Average KEGG pathway coherence for integration evaluation. The average coherence of 25 KEGG pathways over different weighted sum (WS) integrations at increasing network sizes (number of edges). The dots represent the actual measured values averaged over 25 KEGG pathways, while the lines represent the difference between the actual measured values and random coherence at an equivalent network size. The coherence is measured over networks of increasing size up to one million gene pairs. The grey dashed lines mark the network sizes of 20 K and 200 K, which are the points where the slope (gain in coherence) flattens.

Validation of integration

Although data can be integrated, the derived relationships must be vetted. Validation of the integrated gene network data was done in two ways. First, we evaluated how well the integrated network recovered relationships in individual KEGG pathways. Second, we compared the integrated network to networks built from different, individual datasets to test whether integrating the data results in improved performance.

All KEGG pathways containing at least 10 D. melanogaster genes were tested against . In total, 63 KEGG pathways were tested. Of these, 59 are statistically significant at a corrected P-value < 10-20 as quantitatively assessed using permutation testing and single sample Wilcoxon signed-rank test (see Table S5 at [55] for more details).
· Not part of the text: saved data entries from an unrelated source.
lemma nn_integral_le_geometric_cball_series:
  fixes f :: "'a::euclidean_space \<Rightarrow> real"
  assumes q: "0 \<le> q" "q < 1" and B: "0 \<le> B"
    and c: "\<And>k. 0 \<le> c k" and R: "\<And>k. 0 \<le> R k"
    and cR: "\<And>k. c k * R k ^ DIM('a) \<le> B * q ^ k"
    and dom: "\<And>h. f h \<le> 0 \<or> (\<exists>k. f h \<le> c k \<and> norm h \<le> R k)"
  shows "(\<integral>\<^sup>+ h. ennreal (f h) \<partial>lborel) \<le> ennreal (unit_ball_vol DIM('a) * B / (1 - q))"
proof -
  let ?V = "unit_ball_vol DIM('a)"
  let ?g = "\<lambda>k h. ennreal (c k) * indicator (cball (0::'a) (R k)) h"
  have "(\<integral>\<^sup>+ h. ennreal (f h) \<partial>lborel) \<le> (\<integral>\<^sup>+ h. (\<Sum>k. ?g k h) \<partial>lborel)"
  proof (intro nn_integral_mono)
    fix h
    show "ennreal (f h) \<le> (\<Sum>k. ?g k h)"
    proof (cases "f h \<le> 0")
      case False
      then obtain k where k: "f h \<le> c k" "norm h \<le> R k" using dom[of h] by auto
      have "ennreal (f h) \<le> ?g k h" using k by (simp add: ennreal_leI)
      also have "\<dots> = sum (\<lambda>k. ?g k h) {k}" by (simp only: sum.empty sum.insert finite.emptyI empty_iff not_False_eq_True add_0_right)
      also have "\<dots> \<le> (\<Sum>k. ?g k h)" by (rule sum_le_suminf) (auto intro: summableI)
      finally show ?thesis .
    qed (simp add: ennreal_neg)
  qed
  also have "\<dots> = (\<Sum>k. \<integral>\<^sup>+ h. ?g k h \<partial>lborel)"
    by (intro nn_integral_suminf borel_measurable_times_ennreal borel_measurable_indicator) auto
  also have "\<dots> = (\<Sum>k. ennreal (c k * (?V * R k ^ DIM('a))))"
    using R c by (simp add: nn_integral_cmult_indicator emeasure_cball ennreal_mult)
  also have "\<dots> \<le> (\<Sum>k. ennreal (?V * B * q ^ k))"
  proof (intro suminf_le ennreal_leI)
    fix k
    have "c k * (?V * R k ^ DIM('a)) = ?V * (c k * R k ^ DIM('a))" by simp
    also have "\<dots> \<le> ?V * (B * q ^ k)" using cR[of k] by (rule mult_left_mono) simp
    finally show "c k * (?V * R k ^ DIM('a)) \<le> ?V * B * q ^ k" by (simp add: mult.assoc)
  qed (auto intro: summableI)
  also have "\<dots> = ennreal (?V * B / (1 - q))"
  proof (rule suminf_ennreal_eq)
    show "(\<lambda>k. ?V * B * q ^ k) sums (?V * B / (1 - q))"
      using sums_mult[OF geometric_sums, of q "?V * B"] q by (simp add: field_simps)
  qed (use q B in auto)
  finally show ?thesis .
qed
lemma second_difference_estimate:
  fixes F :: "real^'n \<Rightarrow> real" and G :: "real^'n \<Rightarrow> real^'n" and H :: "real^'n^'n"
  assumes dF: "\<And>y. y \<in> ball a \<delta> \<Longrightarrow> (F has_derivative (\<lambda>h. G y \<bullet> h)) (at y)"
    and b: "\<And>y. y \<in> ball a \<delta> \<Longrightarrow> norm (G y - G a - H *v (y - a)) \<le> \<epsilon> * norm (y - a)"
    and e0: "\<epsilon> \<ge> 0" and t: "0 < t" "2 * t < \<delta>"
  shows "\<bar>(F (a + t *\<^sub>R axis j 1 + t *\<^sub>R axis i 1) - F (a + t *\<^sub>R axis i 1))
            - (F (a + t *\<^sub>R axis j 1) - F a) - t * t * H $ i $ j\<bar> \<le> (4 * \<epsilon> * t) * t"
proof -
  define c1 where "c1 = a + t *\<^sub>R axis j 1"
  let ?\<phi> = "\<lambda>s. F (c1 + s *\<^sub>R axis i 1) - F (a + s *\<^sub>R axis i 1) - s * (t * H $ i $ j)"
  have nrm: "norm (r *\<^sub>R axis i 1 + q *\<^sub>R axis j (1::real)) \<le> \<bar>r\<bar> + \<bar>q\<bar>" for r q
    by (rule order_trans[OF norm_triangle_ineq]) (simp add: norm_axis_1)
  have "\<bar>?\<phi> t - ?\<phi> 0\<bar> \<le> (4 * \<epsilon> * t) * \<bar>t\<bar>"
  proof (rule abs_diff_le_of_deriv_bound[where \<phi>' = "\<lambda>s. G (c1 + s *\<^sub>R axis i 1) $ i - G (a + s *\<^sub>R axis i 1) $ i - t * H $ i $ j"])
    fix s assume s: "\<bar>s\<bar> \<le> \<bar>t\<bar>"
    have y1b: "c1 + s *\<^sub>R axis i 1 \<in> ball a \<delta>"
    proof -
      have "norm (s *\<^sub>R axis i 1 + t *\<^sub>R axis j (1::real)) \<le> \<bar>s\<bar> + \<bar>t\<bar>" by (rule nrm)
      moreover have "dist a (c1 + s *\<^sub>R axis i 1) = norm (s *\<^sub>R axis i 1 + t *\<^sub>R axis j (1::real))"
        by (simp add: c1_def dist_norm norm_minus_commute algebra_simps)
      ultimately show ?thesis using s t by simp
    qed
    have y2b: "a + s *\<^sub>R axis i 1 \<in> ball a \<delta>"
      using s t by (simp add: dist_norm norm_axis_1)
    have "((\<lambda>s. F (c1 + s *\<^sub>R axis i 1)) has_real_derivative (G (c1 + s *\<^sub>R axis i 1) \<bullet> axis i 1)) (at s)"
      by (rule has_real_derivative_along_line[OF dF y1b])
    moreover have "((\<lambda>s. F (a + s *\<^sub>R axis i 1)) has_real_derivative (G (a + s *\<^sub>R axis i 1) \<bullet> axis i 1)) (at s)"
      by (rule has_real_derivative_along_line[OF dF y2b])
    ultimately show "(?\<phi> has_real_derivative G (c1 + s *\<^sub>R axis i 1) $ i - G (a + s *\<^sub>R axis i 1) $ i - t * H $ i $ j) (at s)"
      by (auto intro!: derivative_eq_intros simp: inner_axis)
    define y1 where "y1 = c1 + s *\<^sub>R axis i 1"
    define y2 where "y2 = a + s *\<^sub>R axis i 1"
    have d12: "y1 - y2 = t *\<^sub>R axis j 1" by (simp add: y1_def y2_def c1_def)
    have n1: "norm (y1 - a) \<le> 2 * t"
    proof -
      have "norm (s *\<^sub>R axis i 1 + t *\<^sub>R axis j (1::real)) \<le> \<bar>s\<bar> + \<bar>t\<bar>" by (rule nrm)
      moreover have "y1 - a = s *\<^sub>R axis i 1 + t *\<^sub>R axis j (1::real)"
        by (simp add: y1_def c1_def)
      ultimately show ?thesis using s t by simp
    qed
    have n2: "norm (y2 - a) \<le> 2 * t" using s t by (simp add: y2_def norm_axis_1)
    have "norm (G y1 - G a - H *v (y1 - a)) \<le> \<epsilon> * norm (y1 - a)"
      using b y1b unfolding y1_def by blast
    also have "\<dots> \<le> \<epsilon> * (2 * t)" using n1 e0 by (rule mult_left_mono)
    finally have B1: "\<bar>(G y1 - G a - H *v (y1 - a)) $ i\<bar> \<le> \<epsilon> * (2 * t)"
      by (rule order_trans[OF component_le_norm_cart])
    have "norm (G y2 - G a - H *v (y2 - a)) \<le> \<epsilon> * norm (y2 - a)"
      using b y2b unfolding y2_def by blast
    also have "\<dots> \<le> \<epsilon> * (2 * t)" using n2 e0 by (rule mult_left_mono)
    finally have B2: "\<bar>(G y2 - G a - H *v (y2 - a)) $ i\<bar> \<le> \<epsilon> * (2 * t)"
      by (rule order_trans[OF component_le_norm_cart])
    have "H *v (y1 - y2) = H *v ((y1 - a) - (y2 - a))" by simp
    also have "\<dots> = H *v (y1 - a) - H *v (y2 - a)" by (rule matrix_vector_mult_diff_distrib)
    finally have "(H *v (y1 - a)) $ i - (H *v (y2 - a)) $ i = (H *v (y1 - y2)) $ i"
      by simp
    also have "\<dots> = t * H $ i $ j" unfolding d12 by (rule mult_axis_component)
    finally have "G y1 $ i - G y2 $ i - t * H $ i $ j
       = (G y1 - G a - H *v (y1 - a)) $ i - (G y2 - G a - H *v (y2 - a)) $ i" by simp
    then show "\<bar>G (c1 + s *\<^sub>R axis i 1) $ i - G (a + s *\<^sub>R axis i 1) $ i - t * H $ i $ j\<bar> \<le> 4 * \<epsilon> * t"
      using B1 B2 unfolding y1_def y2_def by linarith
  qed
  moreover have "?\<phi> 0 = F c1 - F a" by simp
  moreover have "?\<phi> t = F (a + t *\<^sub>R axis j 1 + t *\<^sub>R axis i 1) - F (a + t *\<^sub>R axis i 1) - t * t * H $ i $ j"
    by (simp add: c1_def)
  ultimately show ?thesis using t by (simp add: c1_def)
qed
The number of coherent KEGG pathways and the degree of statistical significance of these pathways provide evidence that the derived functional relationships are biologically meaningful.

We next tested whether the network constructed using integrated data outperforms networks constructed from separate classes of data and individual datasets. We compared the fully integrated gene network to a network built from integrated MA data while ignoring GIs and PPIs, a network built from exclusively GIs and PPIs while ignoring MA data, and a network of only PPIs. We also examined the relative contribution of individual MA datasets. Across the range of network sizes examined (1 K to 1,000 K; the GI and PPI network and the PPI network have maximum sizes of 32,240 and 25,408, respectively) the average coherence measure (across 63 KEGG pathways) of the fully integrated network was greater than that for the networks based on any subset(s) of data (Figure 4a). This is evident at a network size of 20 K where the fully integrated network (GI, PPI, MA) performed the best (area under the curve (AUC) = 0.1020), followed by the GI and PPI network (AUC = 0.0777), and then a step down to the MA only network (AUC = 0.0396). The KEGG pathway coherence for the networks built using the various datasets and summarized as the AUC at network sizes 20 K and 200 K is provided in Table S6 at [55]. We also see that networks built using the integrated framework outperformed networks based on the individual component datasets. For instance, the integrated MA network performed better (AUC = 0.0396 at 20 K) than all networks based on individual MA datasets (maximum AUC = 0.0314 at 20 K), and much better than the average individual microarray dataset network (AUC = 0.018 at 20 K). In summary, these data indicate that the integrated network performs best in terms of recapitulating known functional relationships across the range of KEGG pathways tested.

Figure 4
figure 4

Coherence of types of data and datasets on individual KEGG pathways. Examples of how types of data and individual datasets compare to the fully integrated network as measured through coherence of KEGG pathways [62]. The average coherence of a given dataset is calculated for a set of genes defined by a KEGG pathway at increasing network sizes up to one million edges. (a) The average coherence over 63 tested KEGG pathways. The full integration of genetic interactions, protein interactions, and microarray data performs best compared to all other data sources and individual datasets. (b) A specific example where the fully integrated network performs better than all other individual datasets and in relation to the 'purine metabolism' KEGG pathways. (c) Ribosomal constituents are highly coherent in the microarray data, with many individual microarray datasets performing well. In this instance, not taking into account the genetic interactions and protein interactions performs better than the fully integrated network. (d) An example of where the genetic interactions and protein interactions contribute nearly all of the coherent relationships for the 'Hedgehog signaling' KEGG pathway. (e) An example of where the integration method performs worse than several individual microarray datasets for the 'phenylpropanoid biosynthesis' KEGG pathway. See Table 1 for citations for the datasets.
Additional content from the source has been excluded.